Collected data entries
+ + + + + + +

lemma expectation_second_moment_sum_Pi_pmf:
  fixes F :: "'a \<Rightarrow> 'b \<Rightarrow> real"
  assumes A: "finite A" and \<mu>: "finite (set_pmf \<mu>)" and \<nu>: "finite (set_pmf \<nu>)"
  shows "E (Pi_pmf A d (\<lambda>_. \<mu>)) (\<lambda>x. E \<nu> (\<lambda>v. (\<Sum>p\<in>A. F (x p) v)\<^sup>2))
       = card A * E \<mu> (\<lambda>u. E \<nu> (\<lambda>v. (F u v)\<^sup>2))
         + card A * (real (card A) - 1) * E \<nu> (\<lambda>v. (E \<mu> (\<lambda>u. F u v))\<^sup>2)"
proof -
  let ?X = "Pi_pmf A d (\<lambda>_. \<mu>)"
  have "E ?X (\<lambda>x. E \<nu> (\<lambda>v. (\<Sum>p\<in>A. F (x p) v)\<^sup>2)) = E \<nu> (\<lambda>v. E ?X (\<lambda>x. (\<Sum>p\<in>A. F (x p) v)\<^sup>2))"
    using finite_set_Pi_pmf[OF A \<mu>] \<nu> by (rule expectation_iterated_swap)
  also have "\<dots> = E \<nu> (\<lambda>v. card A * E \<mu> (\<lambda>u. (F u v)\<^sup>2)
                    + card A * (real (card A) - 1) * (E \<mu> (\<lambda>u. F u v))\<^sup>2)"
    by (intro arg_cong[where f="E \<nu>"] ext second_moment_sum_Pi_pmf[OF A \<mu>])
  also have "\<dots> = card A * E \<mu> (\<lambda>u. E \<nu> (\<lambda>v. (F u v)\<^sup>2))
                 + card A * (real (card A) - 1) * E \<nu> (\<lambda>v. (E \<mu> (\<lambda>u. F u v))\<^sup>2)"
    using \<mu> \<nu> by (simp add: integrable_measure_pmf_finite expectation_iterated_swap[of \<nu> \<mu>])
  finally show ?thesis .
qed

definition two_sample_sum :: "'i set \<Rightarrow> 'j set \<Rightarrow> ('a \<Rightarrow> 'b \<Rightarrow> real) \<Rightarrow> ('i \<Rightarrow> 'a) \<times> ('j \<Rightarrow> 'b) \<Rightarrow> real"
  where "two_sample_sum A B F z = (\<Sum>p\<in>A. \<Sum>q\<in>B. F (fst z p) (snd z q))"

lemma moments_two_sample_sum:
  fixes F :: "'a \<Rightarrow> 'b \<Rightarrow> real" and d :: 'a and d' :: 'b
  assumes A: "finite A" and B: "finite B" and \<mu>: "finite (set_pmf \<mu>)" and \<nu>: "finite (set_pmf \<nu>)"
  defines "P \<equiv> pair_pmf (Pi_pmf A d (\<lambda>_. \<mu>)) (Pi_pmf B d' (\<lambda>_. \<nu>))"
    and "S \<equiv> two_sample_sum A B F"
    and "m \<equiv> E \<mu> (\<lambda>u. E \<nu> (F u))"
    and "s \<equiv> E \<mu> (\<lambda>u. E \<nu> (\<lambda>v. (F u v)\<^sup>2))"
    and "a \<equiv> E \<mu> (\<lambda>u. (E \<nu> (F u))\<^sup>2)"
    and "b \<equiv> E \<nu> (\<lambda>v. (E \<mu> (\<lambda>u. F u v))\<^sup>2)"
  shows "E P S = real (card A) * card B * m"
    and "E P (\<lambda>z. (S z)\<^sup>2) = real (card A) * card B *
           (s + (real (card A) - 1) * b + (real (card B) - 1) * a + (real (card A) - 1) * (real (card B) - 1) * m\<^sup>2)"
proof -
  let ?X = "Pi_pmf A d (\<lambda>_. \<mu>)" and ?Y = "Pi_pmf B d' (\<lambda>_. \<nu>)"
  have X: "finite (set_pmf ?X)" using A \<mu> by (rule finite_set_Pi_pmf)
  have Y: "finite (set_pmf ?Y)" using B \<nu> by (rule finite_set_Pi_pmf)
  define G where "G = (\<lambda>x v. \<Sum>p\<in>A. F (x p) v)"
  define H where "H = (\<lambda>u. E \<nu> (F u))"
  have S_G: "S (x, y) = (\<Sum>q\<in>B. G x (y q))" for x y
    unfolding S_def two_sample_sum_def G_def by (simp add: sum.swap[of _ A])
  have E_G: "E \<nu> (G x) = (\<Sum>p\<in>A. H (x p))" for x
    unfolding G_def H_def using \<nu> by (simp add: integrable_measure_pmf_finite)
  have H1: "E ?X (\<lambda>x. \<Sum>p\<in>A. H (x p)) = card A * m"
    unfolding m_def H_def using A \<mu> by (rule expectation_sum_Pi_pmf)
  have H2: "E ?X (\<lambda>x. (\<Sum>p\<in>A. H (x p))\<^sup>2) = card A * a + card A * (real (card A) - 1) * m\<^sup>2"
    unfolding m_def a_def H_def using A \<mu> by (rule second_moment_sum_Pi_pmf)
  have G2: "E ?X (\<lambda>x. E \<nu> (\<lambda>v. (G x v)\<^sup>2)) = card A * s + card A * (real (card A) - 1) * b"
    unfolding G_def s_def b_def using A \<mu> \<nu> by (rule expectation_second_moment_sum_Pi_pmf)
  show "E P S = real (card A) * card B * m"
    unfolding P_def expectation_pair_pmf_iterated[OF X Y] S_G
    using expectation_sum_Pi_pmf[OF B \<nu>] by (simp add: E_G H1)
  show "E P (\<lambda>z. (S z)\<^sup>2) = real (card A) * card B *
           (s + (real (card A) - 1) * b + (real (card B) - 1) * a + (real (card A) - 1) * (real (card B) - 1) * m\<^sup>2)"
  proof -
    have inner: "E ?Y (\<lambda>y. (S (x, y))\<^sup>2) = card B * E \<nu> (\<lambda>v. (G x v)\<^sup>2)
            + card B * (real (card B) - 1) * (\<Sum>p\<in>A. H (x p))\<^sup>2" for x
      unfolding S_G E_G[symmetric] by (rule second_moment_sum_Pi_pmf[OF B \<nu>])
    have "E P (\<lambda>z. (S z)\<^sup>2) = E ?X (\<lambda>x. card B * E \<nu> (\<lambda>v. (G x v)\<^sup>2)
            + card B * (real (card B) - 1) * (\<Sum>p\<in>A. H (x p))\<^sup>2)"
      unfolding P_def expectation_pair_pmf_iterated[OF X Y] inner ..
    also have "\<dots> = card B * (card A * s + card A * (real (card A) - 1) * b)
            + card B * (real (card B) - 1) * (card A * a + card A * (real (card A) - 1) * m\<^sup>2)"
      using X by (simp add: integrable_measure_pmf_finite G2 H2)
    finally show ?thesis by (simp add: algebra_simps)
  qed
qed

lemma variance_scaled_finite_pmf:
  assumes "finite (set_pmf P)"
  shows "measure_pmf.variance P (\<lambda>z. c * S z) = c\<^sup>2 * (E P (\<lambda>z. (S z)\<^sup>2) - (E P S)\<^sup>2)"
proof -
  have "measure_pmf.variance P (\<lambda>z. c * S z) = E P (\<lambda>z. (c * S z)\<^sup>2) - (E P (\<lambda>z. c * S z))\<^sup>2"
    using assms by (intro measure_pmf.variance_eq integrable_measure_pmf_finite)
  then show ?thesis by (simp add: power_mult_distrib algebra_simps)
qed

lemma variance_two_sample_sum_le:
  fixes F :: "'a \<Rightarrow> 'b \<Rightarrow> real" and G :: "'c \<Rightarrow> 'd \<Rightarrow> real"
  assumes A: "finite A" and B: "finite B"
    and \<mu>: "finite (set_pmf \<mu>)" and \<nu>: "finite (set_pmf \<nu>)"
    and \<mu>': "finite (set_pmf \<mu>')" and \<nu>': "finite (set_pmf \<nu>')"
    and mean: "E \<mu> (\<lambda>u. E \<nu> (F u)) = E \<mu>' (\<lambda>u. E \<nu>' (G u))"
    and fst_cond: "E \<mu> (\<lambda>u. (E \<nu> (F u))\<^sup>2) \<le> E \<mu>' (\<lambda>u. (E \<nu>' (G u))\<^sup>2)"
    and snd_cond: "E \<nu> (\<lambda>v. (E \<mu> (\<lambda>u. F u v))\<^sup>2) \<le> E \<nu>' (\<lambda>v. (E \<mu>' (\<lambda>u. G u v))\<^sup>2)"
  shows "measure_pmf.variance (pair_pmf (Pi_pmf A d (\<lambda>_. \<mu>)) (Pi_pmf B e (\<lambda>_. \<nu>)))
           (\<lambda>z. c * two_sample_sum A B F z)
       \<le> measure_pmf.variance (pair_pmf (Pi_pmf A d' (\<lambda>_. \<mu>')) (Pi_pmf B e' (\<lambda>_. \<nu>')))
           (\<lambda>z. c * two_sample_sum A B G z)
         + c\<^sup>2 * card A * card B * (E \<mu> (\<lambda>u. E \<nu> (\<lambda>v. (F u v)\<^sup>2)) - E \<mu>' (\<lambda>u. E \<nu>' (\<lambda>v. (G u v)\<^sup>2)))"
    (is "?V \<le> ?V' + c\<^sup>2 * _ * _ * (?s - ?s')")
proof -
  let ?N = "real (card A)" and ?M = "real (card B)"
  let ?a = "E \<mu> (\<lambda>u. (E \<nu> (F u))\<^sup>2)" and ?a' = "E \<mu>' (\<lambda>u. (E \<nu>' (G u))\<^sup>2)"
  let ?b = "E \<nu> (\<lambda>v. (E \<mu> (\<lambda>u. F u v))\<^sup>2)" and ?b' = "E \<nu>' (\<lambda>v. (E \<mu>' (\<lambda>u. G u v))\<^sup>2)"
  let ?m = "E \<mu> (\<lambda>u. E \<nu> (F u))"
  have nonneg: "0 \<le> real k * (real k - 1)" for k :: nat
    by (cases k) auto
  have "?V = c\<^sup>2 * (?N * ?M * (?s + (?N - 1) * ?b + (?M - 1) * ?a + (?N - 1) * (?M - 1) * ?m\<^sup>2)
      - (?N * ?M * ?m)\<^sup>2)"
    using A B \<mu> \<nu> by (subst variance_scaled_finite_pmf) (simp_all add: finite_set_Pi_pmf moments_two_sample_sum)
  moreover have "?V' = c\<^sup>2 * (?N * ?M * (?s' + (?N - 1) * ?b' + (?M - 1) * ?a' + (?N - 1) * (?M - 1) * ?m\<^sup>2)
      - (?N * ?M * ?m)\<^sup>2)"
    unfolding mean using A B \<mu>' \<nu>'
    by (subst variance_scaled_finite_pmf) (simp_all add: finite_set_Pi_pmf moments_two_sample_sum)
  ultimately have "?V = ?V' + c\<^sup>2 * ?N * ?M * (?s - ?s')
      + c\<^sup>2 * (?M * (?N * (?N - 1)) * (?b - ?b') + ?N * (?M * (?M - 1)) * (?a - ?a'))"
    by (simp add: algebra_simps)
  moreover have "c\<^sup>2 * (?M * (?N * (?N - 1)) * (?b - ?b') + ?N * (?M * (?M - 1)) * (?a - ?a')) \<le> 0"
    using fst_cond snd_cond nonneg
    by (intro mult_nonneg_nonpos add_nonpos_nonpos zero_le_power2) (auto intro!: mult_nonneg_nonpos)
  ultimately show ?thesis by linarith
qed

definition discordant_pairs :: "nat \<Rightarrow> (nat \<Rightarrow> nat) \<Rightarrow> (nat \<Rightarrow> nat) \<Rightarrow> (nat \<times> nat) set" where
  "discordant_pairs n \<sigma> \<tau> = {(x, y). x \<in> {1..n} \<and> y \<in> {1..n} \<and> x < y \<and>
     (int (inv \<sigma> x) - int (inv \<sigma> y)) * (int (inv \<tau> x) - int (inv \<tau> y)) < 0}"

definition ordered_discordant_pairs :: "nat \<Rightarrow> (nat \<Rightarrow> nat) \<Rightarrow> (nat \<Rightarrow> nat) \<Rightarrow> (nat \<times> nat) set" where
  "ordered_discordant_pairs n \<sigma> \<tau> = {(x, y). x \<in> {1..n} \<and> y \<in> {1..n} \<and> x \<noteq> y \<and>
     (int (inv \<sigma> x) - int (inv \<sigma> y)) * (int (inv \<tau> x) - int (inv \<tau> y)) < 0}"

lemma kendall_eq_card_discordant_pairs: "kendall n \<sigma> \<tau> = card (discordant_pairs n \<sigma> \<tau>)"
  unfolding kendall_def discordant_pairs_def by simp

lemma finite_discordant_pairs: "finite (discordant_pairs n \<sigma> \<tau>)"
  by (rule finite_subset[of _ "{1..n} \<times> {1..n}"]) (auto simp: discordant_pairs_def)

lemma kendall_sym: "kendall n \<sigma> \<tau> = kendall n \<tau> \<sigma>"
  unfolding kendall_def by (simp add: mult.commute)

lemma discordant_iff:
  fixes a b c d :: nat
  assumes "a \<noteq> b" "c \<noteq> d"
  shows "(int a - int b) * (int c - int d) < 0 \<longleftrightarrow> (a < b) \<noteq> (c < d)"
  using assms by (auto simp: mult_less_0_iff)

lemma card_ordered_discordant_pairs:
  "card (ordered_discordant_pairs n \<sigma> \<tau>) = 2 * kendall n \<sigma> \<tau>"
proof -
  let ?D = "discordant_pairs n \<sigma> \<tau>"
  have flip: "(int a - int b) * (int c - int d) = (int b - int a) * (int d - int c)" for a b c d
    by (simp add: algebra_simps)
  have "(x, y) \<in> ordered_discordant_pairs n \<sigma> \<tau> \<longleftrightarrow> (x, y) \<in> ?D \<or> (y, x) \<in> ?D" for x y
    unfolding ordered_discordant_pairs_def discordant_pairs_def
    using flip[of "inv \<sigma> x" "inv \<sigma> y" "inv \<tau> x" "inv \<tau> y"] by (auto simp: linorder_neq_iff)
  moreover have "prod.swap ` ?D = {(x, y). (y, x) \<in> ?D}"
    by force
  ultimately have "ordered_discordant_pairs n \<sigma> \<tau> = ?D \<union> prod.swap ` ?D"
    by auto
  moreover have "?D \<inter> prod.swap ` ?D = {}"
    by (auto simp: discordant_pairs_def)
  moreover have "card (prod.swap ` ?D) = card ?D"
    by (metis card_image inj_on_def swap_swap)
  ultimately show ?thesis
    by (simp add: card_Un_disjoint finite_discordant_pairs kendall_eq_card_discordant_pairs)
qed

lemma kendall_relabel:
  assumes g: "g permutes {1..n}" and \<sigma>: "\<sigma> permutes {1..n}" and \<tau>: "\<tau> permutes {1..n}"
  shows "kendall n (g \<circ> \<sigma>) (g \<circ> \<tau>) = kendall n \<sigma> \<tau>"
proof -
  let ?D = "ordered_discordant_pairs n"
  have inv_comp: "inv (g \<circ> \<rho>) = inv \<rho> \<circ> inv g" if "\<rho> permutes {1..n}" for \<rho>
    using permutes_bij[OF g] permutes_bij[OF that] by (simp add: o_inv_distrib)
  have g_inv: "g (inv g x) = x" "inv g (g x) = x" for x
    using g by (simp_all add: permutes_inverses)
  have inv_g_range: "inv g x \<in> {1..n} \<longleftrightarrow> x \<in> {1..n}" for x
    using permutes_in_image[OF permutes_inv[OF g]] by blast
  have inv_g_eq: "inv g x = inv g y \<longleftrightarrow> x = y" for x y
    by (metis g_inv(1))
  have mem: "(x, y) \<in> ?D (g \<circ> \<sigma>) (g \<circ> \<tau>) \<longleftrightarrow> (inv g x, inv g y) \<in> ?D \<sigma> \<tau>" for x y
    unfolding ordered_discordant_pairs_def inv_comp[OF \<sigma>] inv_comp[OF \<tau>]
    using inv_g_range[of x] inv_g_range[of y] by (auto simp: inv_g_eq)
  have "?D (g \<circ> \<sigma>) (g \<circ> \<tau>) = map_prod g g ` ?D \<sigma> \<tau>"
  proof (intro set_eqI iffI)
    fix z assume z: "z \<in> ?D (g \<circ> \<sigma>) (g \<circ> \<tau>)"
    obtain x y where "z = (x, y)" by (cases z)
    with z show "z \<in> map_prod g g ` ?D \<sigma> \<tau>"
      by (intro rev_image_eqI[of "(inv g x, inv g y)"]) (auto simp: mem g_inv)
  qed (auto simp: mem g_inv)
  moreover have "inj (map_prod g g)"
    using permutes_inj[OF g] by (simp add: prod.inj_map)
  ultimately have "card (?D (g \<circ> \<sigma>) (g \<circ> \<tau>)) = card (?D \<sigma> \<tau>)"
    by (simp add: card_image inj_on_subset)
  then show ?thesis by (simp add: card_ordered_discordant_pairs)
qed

+ + + + + + +

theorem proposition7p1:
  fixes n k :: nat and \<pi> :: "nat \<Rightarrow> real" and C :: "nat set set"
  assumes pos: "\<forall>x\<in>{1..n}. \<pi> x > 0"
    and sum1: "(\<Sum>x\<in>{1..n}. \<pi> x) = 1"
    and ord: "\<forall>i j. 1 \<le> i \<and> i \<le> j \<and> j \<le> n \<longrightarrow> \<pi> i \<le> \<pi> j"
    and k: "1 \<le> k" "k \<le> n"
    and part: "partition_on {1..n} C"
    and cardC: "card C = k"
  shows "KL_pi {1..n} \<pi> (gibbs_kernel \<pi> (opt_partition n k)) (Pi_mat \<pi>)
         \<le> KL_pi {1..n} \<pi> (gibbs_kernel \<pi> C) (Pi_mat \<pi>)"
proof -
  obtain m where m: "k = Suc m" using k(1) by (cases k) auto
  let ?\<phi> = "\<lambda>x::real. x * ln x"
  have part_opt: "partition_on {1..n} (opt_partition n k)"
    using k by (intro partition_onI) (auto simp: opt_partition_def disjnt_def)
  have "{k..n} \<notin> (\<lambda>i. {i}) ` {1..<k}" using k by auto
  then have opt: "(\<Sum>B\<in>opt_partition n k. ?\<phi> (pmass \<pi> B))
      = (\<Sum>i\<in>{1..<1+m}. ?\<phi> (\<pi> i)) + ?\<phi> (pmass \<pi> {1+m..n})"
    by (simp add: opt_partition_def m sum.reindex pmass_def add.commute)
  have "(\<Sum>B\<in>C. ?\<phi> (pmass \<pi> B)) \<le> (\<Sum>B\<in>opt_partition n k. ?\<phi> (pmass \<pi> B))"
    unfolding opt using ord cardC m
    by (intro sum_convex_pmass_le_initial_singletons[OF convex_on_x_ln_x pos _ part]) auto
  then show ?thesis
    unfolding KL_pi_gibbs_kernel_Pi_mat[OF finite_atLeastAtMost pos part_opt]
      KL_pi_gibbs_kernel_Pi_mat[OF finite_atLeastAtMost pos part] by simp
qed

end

+ + + + + + +

◆ Task goal: Write down exactly the span of lines above from the one containing "e (\<lambda>_. \<nu>)))" to the one containing "e' (\<lambda>_. \<nu>')))", both ends included.

◆ Answer section:
  shows "measure_pmf.variance (pair_pmf (Pi_pmf A d (\<lambda>_. \<mu>)) (Pi_pmf B e (\<lambda>_. \<nu>)))
           (\<lambda>z. c * two_sample_sum A B F z)
       \<le> measure_pmf.variance (pair_pmf (Pi_pmf A d' (\<lambda>_. \<mu>')) (Pi_pmf B e' (\<lambda>_. \<nu>')))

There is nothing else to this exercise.